Confidence-routed: ≥0.85 silent auto, 0.60–0.84 nudge, <0.60 "Other". Retrained weekly via Snowflake Cortex ML on customer corrections (CDC'd back from SD01). Champion/challenger governance per DT-005.
The merchant directory is location-level (per scope ruling k-4): "Caltex Parnell" and "Caltex Takapuna" are different rows, each with their own lat/lng and pre-generated static map image. The map image gives the customer a sense-of-place on the payment-detail screen of the mobile app.

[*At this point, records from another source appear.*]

lemma finite_bad_squares: "finite bad_squares"
proof -
  let ?N = "Complex ((Re (d$1))^2 + (Im (d$3))^2 + (Re (d$2))^2 + (Im (d$4))^2) 0"
  consider "d$1 = 0" "d$2 = 0" "d$3 = 0" "d$4 = 0" | "d$1 \<noteq> 0 \<or> d$3 \<noteq> 0"
    | "d$1 = 0" "d$3 = 0" "d$2 \<noteq> 0 \<or> d$4 \<noteq> 0"
    by blast
  then show ?thesis
  proof cases
    case 1
    then have "bad_squares = {}" by (simp add: bad_squares_def rank_Xp_if_first_four_zero)
    then show ?thesis by simp
  next
    case 2
    have "Complex (Re (d$3)) (Im (d$1)) * ?N \<noteq> 0"
      using 2 alamouti_det_nonzero Complex_Re_Im_nonzero[OF Re_eq_0_iff[of 3] Re_eq_0_iff[of 1]]
      by auto
    then show ?thesis
      using rank_Xp_minor_123_affine by (rule finite_bad_squares_if_affine_minor)
  next
    case 3
    have "Re (- d$4) = 0 \<longleftrightarrow> Im (- d$4) = 0" using Re_eq_0_iff[of 4] by simp
    from Complex_Re_Im_nonzero[OF this Re_eq_0_iff[of 2]]
    have "Complex (- Re (d$4)) (Im (d$2)) * ?N \<noteq> 0"
      using 3 alamouti_det_nonzero by auto
    then show ?thesis
      using rank_Xp_minor_124_affine by (rule finite_bad_squares_if_affine_minor)
  qed
qed

end

lemma inj_on_exp_i_squared: "inj_on (\<lambda>t. exp (\<i> * complex_of_real t) ^ 2) {0..<pi}"
proof (rule inj_onI)
  fix s t assume s: "s \<in> {0..<pi}" and t: "t \<in> {0..<pi}"
    and "exp (\<i> * complex_of_real s) ^ 2 = exp (\<i> * complex_of_real t) ^ 2"
  then have "exp (of_nat 2 * (\<i> * complex_of_real s)) = exp (of_nat 2 * (\<i> * complex_of_real t))"
    by (simp only: exp_of_nat_mult)
  moreover have "\<bar>Im (of_nat 2 * (\<i> * complex_of_real s)) - Im (of_nat 2 * (\<i> * complex_of_real t))\<bar> < 2 * pi"
    using s t by (simp add: abs_less_iff)
  ultimately show "s = t"
    using exp_complex_eqI by fastforce
qed

lemma exists_angle_avoiding:
  assumes "finite W"
  shows "\<exists>\<theta>\<in>{0..<pi}. exp (\<i> * complex_of_real \<theta>) ^ 2 \<notin> W"
proof (rule ccontr)
  assume "\<not> ?thesis"
  then have "{0..<pi} \<subseteq> (\<lambda>t. exp (\<i> * complex_of_real t) ^ 2) -` W \<inter> {0..<pi}" by auto
  moreover have "finite ((\<lambda>t. exp (\<i> * complex_of_real t) ^ 2) -` W \<inter> {0..<pi})"
    using assms inj_on_exp_i_squared by (rule finite_vimage_IntI)
  ultimately have "finite {0..<pi}" by (rule finite_subset)
  moreover have "infinite {0..<pi}" by (rule infinite_Ico) simp
  ultimately show False by contradiction
qed

theorem lemma1:
  fixes L :: nat and S :: "nat \<Rightarrow> complex set"
  assumes "\<forall>l\<in>{1..L}. finite (S l) \<and> nonzero_cpd (S l)"
  shows "\<exists>\<theta>\<in>{0..2*pi}. \<forall>l\<in>{1..L}. \<forall>x y :: complex^6.
           (\<forall>i. x$i \<in> S l) \<and> (\<forall>i. y$i \<in> S l) \<and> x \<noteq> y \<longrightarrow>
           rank (Xp \<theta> x - Xp \<theta> y) = 3"
proof -
  define F where "F l = {x :: complex^6. \<forall>i. x$i \<in> S l}" for l
  have diff: "cpd_difference (x - y)" if "l \<in> {1..L}" "x \<in> F l" "y \<in> F l" "x \<noteq> y" for l x y
    using that assms nonzero_cpd_diff_Re_eq_0_iff[of "S l" "x$i" "y$i" for i]
    by unfold_locales (auto simp: F_def)
  define W where
    "W = (\<Union>l\<in>{1..L}. \<Union>x\<in>F l. \<Union>y\<in>F l - {x}. cpd_difference.bad_squares (x - y))"
  have "finite (F l)" if "l \<in> {1..L}" for l
    using assms that by (simp add: F_def finite_vectors_with_components_in)
  then have "finite W"
    unfolding W_def by (auto intro!: finite_UN_I cpd_difference.finite_bad_squares diff)
  then obtain \<theta> where \<theta>: "\<theta> \<in> {0..<pi}" "exp (\<i> * complex_of_real \<theta>) ^ 2 \<notin> W"
    using exists_angle_avoiding by blast
  have "rank (Xp \<theta> (x - y)) = 3" if "l \<in> {1..L}" "x \<in> F l" "y \<in> F l" "x \<noteq> y" for l x y
  proof (rule ccontr)
    assume "rank (Xp \<theta> (x - y)) \<noteq> 3"
    then have "exp (\<i> * complex_of_real \<theta>) ^ 2 \<in> cpd_difference.bad_squares (x - y)"
      unfolding cpd_difference.bad_squares_def[OF diff[OF that]] by blast
    with that \<theta>(2) show False unfolding W_def by blast
  qed
  moreover have "\<theta> \<in> {0..2*pi}" using \<theta>(1) by simp
  ultimately show ?thesis by (intro bexI[of _ \<theta>]) (auto simp: F_def Xp_diff)
qed

end
(* Let $a,b,d<0$ and $c\ge c^+$, and let $\{W_n(z)\}_{n\ge0}$ be the normalised sequence defined below. Then $W_3(z)$ has exactly one negative zero. If moreover $W_3(z)$ has a positive real zero lying outside the interval $(x_g^-,x_g^+)$, then: $a>-1$; the quadratic $F(z)=A(z)^2+B(z)$ has a unique positive zero $x_0$; $W_3(z)$ has two zeros lying in the interval $\big(-b/(a+1),\,x_0\big)$; and \[ x_0<x_\Delta^+,\qquad c<\frac{b}{a+1}+\frac{a+1}{b}\,d,\qquad c^-<0 . \]
   Context: Let $a,b,c,d\in\mathbb{R}$ with $ac\ne0$, and put $A(z)=az+b$, $B(z)=cz+d$. The normalised sequence $\{W_n(z)\}_{n\ge0}$ is defined by $W_0(z)=1$, $W_1(z)=z$ and $W_n(z)=A(z)W_{n-1}(z)+B(z)W_{n-2}(z)$ for $n\ge2$. Notation: $\Delta_\Delta=-a^2d+abc+c^2$, $x_\Delta^+=\dfrac{-ab-2c+2\sqrt{\Delta_\Delta}}{a^2}$ (the larger zero of $A(z)^2+4B(z)$); $\Delta_g=(b+c)^2+4d(1-a)$, $x_g^\pm=\dfrac{b+c\pm\sqrt{\Delta_g}}{2(1-a)}$ (zeros of $g(z)=(1-a)z^2-(b+c)z-d$); $c^\pm=\pm2\sqrt{d(a-1)}-b$. *)

theory Defs
  imports "HOL-Computational_Algebra.Polynomial"
begin

fun W :: "real \<Rightarrow> real \<Rightarrow> real \<Rightarrow> real \<Rightarrow> nat \<Rightarrow> real poly" where
  "W a b c d 0 = 1"
| "W a b c d (Suc 0) = [:0, 1:]"
| "W a b c d (Suc (Suc n)) = [:b, a:] * W a b c d (Suc n) + [:d, c:] * W a b c d n"

definition zero_count :: "real poly \<Rightarrow> real set \<Rightarrow> nat" where
  "zero_count p S = (\<Sum>x \<in> {x \<in> S. poly p x = 0}. order x p)"

definition Delta_Delta :: "real \<Rightarrow> real \<Rightarrow> real \<Rightarrow> real \<Rightarrow> real" where
  "Delta_Delta a b c d = - (a^2 * d) + a * b * c + c^2"

definition x_Delta_plus :: "real \<Rightarrow> real \<Rightarrow> real \<Rightarrow> real \<Rightarrow> real" where
  "x_Delta_plus a b c d = (- a * b - 2 * c + 2 * sqrt (Delta_Delta a b c d)) / a^2"

definition Delta_g :: "real \<Rightarrow> real \<Rightarrow> real \<Rightarrow> real \<Rightarrow> real" where
  "Delta_g a b c d = (b + c)^2 + 4 * d * (1 - a)"

definition x_g_plus :: "real \<Rightarrow> real \<Rightarrow> real \<Rightarrow> real \<Rightarrow> real" where
  "x_g_plus a b c d = (b + c + sqrt (Delta_g a b c d)) / (2 * (1 - a))"

definition x_g_minus :: "real \<Rightarrow> real \<Rightarrow> real \<Rightarrow> real \<Rightarrow> real" where
  "x_g_minus a b c d = (b + c - sqrt (Delta_g a b c d)) / (2 * (1 - a))"

definition c_plus :: "real \<Rightarrow> real \<Rightarrow> real \<Rightarrow> real" where
  "c_plus a b d = 2 * sqrt (d * (a - 1)) - b"

definition c_minus :: "real \<Rightarrow> real \<Rightarrow> real \<Rightarrow> real" where
  "c_minus a b d = - 2 * sqrt (d * (a - 1)) - b"

definition F_quad :: "real \<Rightarrow> real \<Rightarrow> real \<Rightarrow> real \<Rightarrow> real \<Rightarrow> real" where
  "F_quad a b c d z = (a * z + b)^2 + (c * z + d)"

end

(*
  W_3(z) = a^2 z^3 + (2ab + ac + c) z^2 + (ad + b^2 + bc + d) z + bd has W_3(0) = bd > 0, and
  c >= c^+ (i.e. b + c >= 2 sqrt (d (a - 1))) forces its two middle coefficients not to be both
  positive.  Dividing off a negative zero r therefore leaves a quadratic with positive constant and
  nonpositive linear coefficient, which has no negative zero: r is the only negative zero, and simple.

  For the second part write W_3(z) = z F(z) + A(z) B(z).  At a positive zero z with g(z) >= 0 this
  forces B(z) < 0 < z + A(z) and F(z) < 0, hence a > -1 and F(0) = b^2 + d < 0, so F has a unique
  positive zero x_0 > z.  As W_3 = y^3 > 0 at y = -b/(a+1) (where A(y) = -y) and W_3 = -A^3 > 0 at
  x_0, both zeros of W_3 other than r lie in (y, x_0).  The bounds on x_0, c and c^- are read off
  from F(x_0) = 0, F(y) < 0 and b^2 + d < 0.
*)

theory Submission
  imports Defs
begin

Functional + non-functional scope¶
| Code | Requirement |
|---|---|
| FR-237 | ≥85% transactions categorised within 60s of CDC arrival in the Snowflake raw layer (clock starts post-CDC, NOT from payment_created in Postgres — per scope ruling k-1). |
| FR-238 | Enrich with normalised merchant_name + MCC + logo URL (and per-location merchant_location_map_url where available — k-4); store linked to posting_id. |
| FR-239 | Customer re-categorisation captured as labelled training signal. SD01-side write path is forward-looking; this module's stg_customer_corrections is bootstrap-resilient until that ships (k-3). |
| FR-240 | Aggregated category spending visible to insight feed within 60s of categorisation, via bank.transactions.categorised event published by the EB-publisher Lambda (k-2). |
| NFR-022 | Auto-rate ≥85% at 0.85 confidence, monitored via v_category_metrics_daily.auto_rate_pct and the alert_categorisation_model_drift SNS alarm. |
| NFR-004 | Insight card refresh ≤60s — covered by FR-240 EB event timing. |
| NFR-013 | Postgres read p99 ≤5ms — not directly binding here (no Postgres write-back; SD01 owns enrichment write-back). |
| Policy | Mode | How satisfied |
|---|---|---|
| CON-005 | AUTO | Categorised transactions surface a normalised merchant_name (not raw acquirer string) and a meaningful category_l1 — verified by tests/policy/CON-005-auto.test.ts (structural) + tests/integration/fr-237-fr-238-enrichment.test.ts (runtime). |
| DT-005 | LOG | Model versioned in MOD_041_MODEL_VERSIONS (champion/challenger lineage); retrained weekly via Cortex; performance monitored via v_category_metrics_daily and the drift alert. Append-only — tests/policy/DT-005-log.test.ts (structural) + tests/integration/snowflake-immutability.test.ts (runtime grant verification). |
Architecture¶
Module type¶
Hybrid: DCM v2 declarative + dbt models + Python UDFs (out-of-band per ADR-054 §"DCM v2 limitations") + Lambda for EventBridge publication + S3/CloudFront for merchant media assets.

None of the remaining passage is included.